Apache Beam 2.18.0

We are happy to present the new 2.18.0 release of Beam. This release includes both improvements and new functionality. See the download page for this release.

For more information on changes in 2.18.0, check out the detailed release notes.

Highlights

  • BEAM-8470 - Create a new Spark runner based on Spark Structured streaming framework

I/Os

  • BEAM-7636 - Added SqsIO v2 support.
  • BEAM-8513 - RabbitMqIO: Allow reads from exchange-bound queue without declaring the exchange.
  • BEAM-8540 - Fix CSVSink example in FileIO docs

New Features / Improvements

SQL

  • BEAM-8343 - [SQL] Add means for IO APIs to support predicate and/or project push-down when running SQL pipelines. And BEAM-8468, BEAM-8365, BEAM-8508.
  • BEAM-8427 - [SQL] Add support for MongoDB source.
  • BEAM-8456 - Add pipeline option to control truncate of BigQuery data processed by Beam SQL.

Breaking Changes

  • BEAM-8814 - –no_auth flag changed to boolean type.

Deprecations

  • BEAM-8252 AND BEAM-8254 Add worker_region and worker_zone options. Deprecated –zone flag and –worker_region experiment argument.

Dependency Changes

  • BEAM-7078 - com.amazonaws:amazon-kinesis-client updated to 1.13.0.
  • BEAM-8822 - Upgrade Hadoop dependencies to version 2.8.

Bugfixes

  • BEAM-7917 - Python datastore v1new fails on retry.
  • BEAM-7981 - ParDo function wrapper doesn’t support Iterable output types.
  • BEAM-8146 - SchemaCoder/RowCoder have no equals() function.
  • BEAM-8347 - UnboundedRabbitMqReader can fail to advance watermark if no new data comes in.
  • BEAM-8352 - Reading records in background may lead to OOM errors
  • BEAM-8480 - Explicitly set restriction coder for bounded reader wrapper SDF.
  • BEAM-8515 - Ensure that ValueProvider types have equals/hashCode implemented for comparison reasons.
  • BEAM-8579 - Strip UTF-8 BOM bytes (if present) in TextSource.
  • BEAM-8657 - Not doing Combiner lifting for data-driven triggers.
  • BEAM-8663 - BundleBasedRunner Stacked Bundles don’t respect PaneInfo.
  • BEAM-8667 - Data channel should to avoid unlimited buffering in Python SDK.
  • BEAM-8802 - Timestamp combiner not respected across bundles in streaming mode.
  • BEAM-8803 - Default behaviour for Python BQ Streaming inserts sink should be to retry always.
  • BEAM-8825 - OOM when writing large numbers of ’narrow’ rows.
  • BEAM-8835 - Artifact retrieval fails with FlinkUberJarJobServer
  • BEAM-8836 - ExternalTransform is not providing a unique name
  • BEAM-8884 - Python MongoDBIO TypeError when splitting.
  • BEAM-9041 - SchemaCoder equals should not rely on from/toRowFunction equality.
  • BEAM-9042 - AvroUtils.schemaCoder(schema) produces a not serializable SchemaCoder.
  • BEAM-9065 - Spark runner accumulates metrics (incorrectly) between runs.
  • BEAM-6303 - Add .parquet extension to files in ParquetIO.
  • Various bug fixes and performance improvements.

Known Issues

  • BEAM-8882 - Python: beam.Create no longer preserves order unless reshuffle=False is passed in as an argument.

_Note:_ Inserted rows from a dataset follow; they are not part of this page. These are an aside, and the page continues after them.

lemma yy_mono: "r \<le> r' \<Longrightarrow> r' \<le> Suc \<alpha> \<Longrightarrow> y r \<le> y r'"
proof (induction r')
  case (Suc r')
  then show ?case
    using yy_Suc_le[of r'] by (cases "r = Suc r'") auto
qed simp

lemma yy_pos: "1 \<le> r \<Longrightarrow> r \<le> Suc \<alpha> \<Longrightarrow> 1 \<le> y r"
  using yy_mono[of 1 r] by simp

end

lemma coprime_yy_zz: "coprime (yy \<nu> (Suc r)) (zz \<nu> (Suc r))"
proof (rule coprimeI)
  fix c assume "c dvd yy \<nu> (Suc r)" "c dvd zz \<nu> (Suc r)"
  then have "c dvd yy \<nu> (Suc r) * zz \<nu> r - yy \<nu> r * zz \<nu> (Suc r)" by simp
  then show "is_unit c" unfolding yy_zz_det by (rule dvd_unit_imp_unit) simp
qed

locale cf_value = continued_fraction +
  fixes p0 :: real
  assumes cf: "p0 = cfval \<nu> \<alpha>" and p0_gt: "p0 > 2"
begin

definition cf_tail :: "nat \<Rightarrow> real" where
  "cf_tail r = cfrec \<nu> (\<alpha> - Suc r) (Suc r)"

lemma cf_tail_ge_1: "r < \<alpha> \<Longrightarrow> cf_tail r \<ge> 1"
  unfolding cf_tail_def using nu_pos by (intro cfrec_ge_1) auto

lemma cf_tail_Suc: "Suc r < \<alpha> \<Longrightarrow> cf_tail r = real (\<nu> (Suc r)) + 1 / cf_tail (Suc r)"
proof -
  assume "Suc r < \<alpha>"
  then have "\<alpha> - Suc r = Suc (\<alpha> - Suc (Suc r))" by simp
  then show ?thesis unfolding cf_tail_def by simp
qed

    You may encounter this issue when using DirectRunner.

  • BEAM-9065 - Spark runner accumulates metrics (incorrectly) between runs

  • BEAM-9123 - HadoopResourceId returns wrong directory name

  • See a full list of open issues that affect this version.

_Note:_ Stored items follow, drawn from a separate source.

lemma XB_scaled_square:
  fixes \<beta> z w :: complex
  assumes z: "z = of_nat (resq v) powr (- \<beta>)" and w: "w = z / of_nat (resq v)"
    and "v 2 \<le> 2 * int T + int d" and "z * w \<noteq> 1"
  shows "XB v \<pi> (\<lambda>x. \<Delta> * x ^ 2) \<beta> (t ^ 2)
    = complex_of_real (absv v \<pi> powi \<lceil>real_of_int (v 2) / 2\<rceil>)
        * (1 - (z * w) powi (int T + \<lceil>real_of_int (int d + 1 - v 2) / 2\<rceil>)) / (1 - z * w)
      + w * complex_of_real (absv v \<pi> powi \<lfloor>real_of_int (v 2) / 2\<rfloor>)
        * (1 - (z * w) powi (int T + \<lfloor>real_of_int (int d + 1 - v 2) / 2\<rfloor>)) / (1 - z * w)"
proof -
  let ?q = "real (resq v)" and ?e = "v 2"
  define N where "N = nat (2 * int T + int d - ?e + 1)"
  have e: "0 \<le> ?e" using val_two_nonneg[OF two_nonzero] .
  have w_real: "w = z / complex_of_real ?q" by (simp add: w)
  have "XB v \<pi> (\<lambda>x. \<Delta> * x ^ 2) \<beta> (t ^ 2)
      = (\<Sum>l\<in>{..<N}. z ^ l * complex_of_real (Xl v \<pi> (\<lambda>x. \<Delta> * x ^ 2) (t ^ 2) l))"
    unfolding XB_def z by (rule suminf_finite) (auto simp: N_def Xl_scaled_square)
  also have "\<dots> = (\<Sum>l<N. z ^ l * complex_of_real (1 / ?q ^ nat ((?e + int l + 1) div 2)))"
    by (rule sum.cong) (auto simp: N_def Xl_scaled_square)
  also have "\<dots> = complex_of_real (1 / ?q ^ nat ((?e + 1) div 2))
        * (1 - (z * w) ^ ((N + 1) div 2)) / (1 - z * w)
      + w * complex_of_real (1 / ?q ^ nat (?e div 2)) * (1 - (z * w) ^ (N div 2)) / (1 - z * w)"
    using sum_ceiling_half_powers[of ?q ?e z N] resq_ge_2 e assms(4) unfolding w_real by simp
  finally have sum: "XB v \<pi> (\<lambda>x. \<Delta> * x ^ 2) \<beta> (t ^ 2) = \<dots>" .
  have "int ((N + 1) div 2) = int T + (int d + 1 - ?e + 1) div 2"
    "int (N div 2) = int T + (int d + 1 - ?e) div 2"
    using assms(3) by (simp_all add: N_def zdiv_int)
  then have "(z * w) ^ ((N + 1) div 2) = (z * w) powi (int T + (int d + 1 - ?e + 1) div 2)"
    "(z * w) ^ (N div 2) = (z * w) powi (int T + (int d + 1 - ?e) div 2)"
    by (metis power_int_of_nat)+
  moreover have "1 / ?q ^ nat ((?e + 1) div 2) = absv v \<pi> powi ((?e + 1) div 2)"
    "1 / ?q ^ nat (?e div 2) = absv v \<pi> powi (?e div 2)"
    using e by (simp_all add: absv_uniformizer power_int_nonneg_exp power_one_over)
  ultimately show ?thesis using sum unfolding ceiling_half_of_int floor_half_of_int by simp
qed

  • BEAM-9144 - If you are using Avro 1.9.x with Beam you should not upgrade to this version. There is an issue with timestamp conversions. A fix will be available in the next release.

List of Contributors

According to git shortlog, the following people contributed to the 2.18.0 release. Thank you to all contributors!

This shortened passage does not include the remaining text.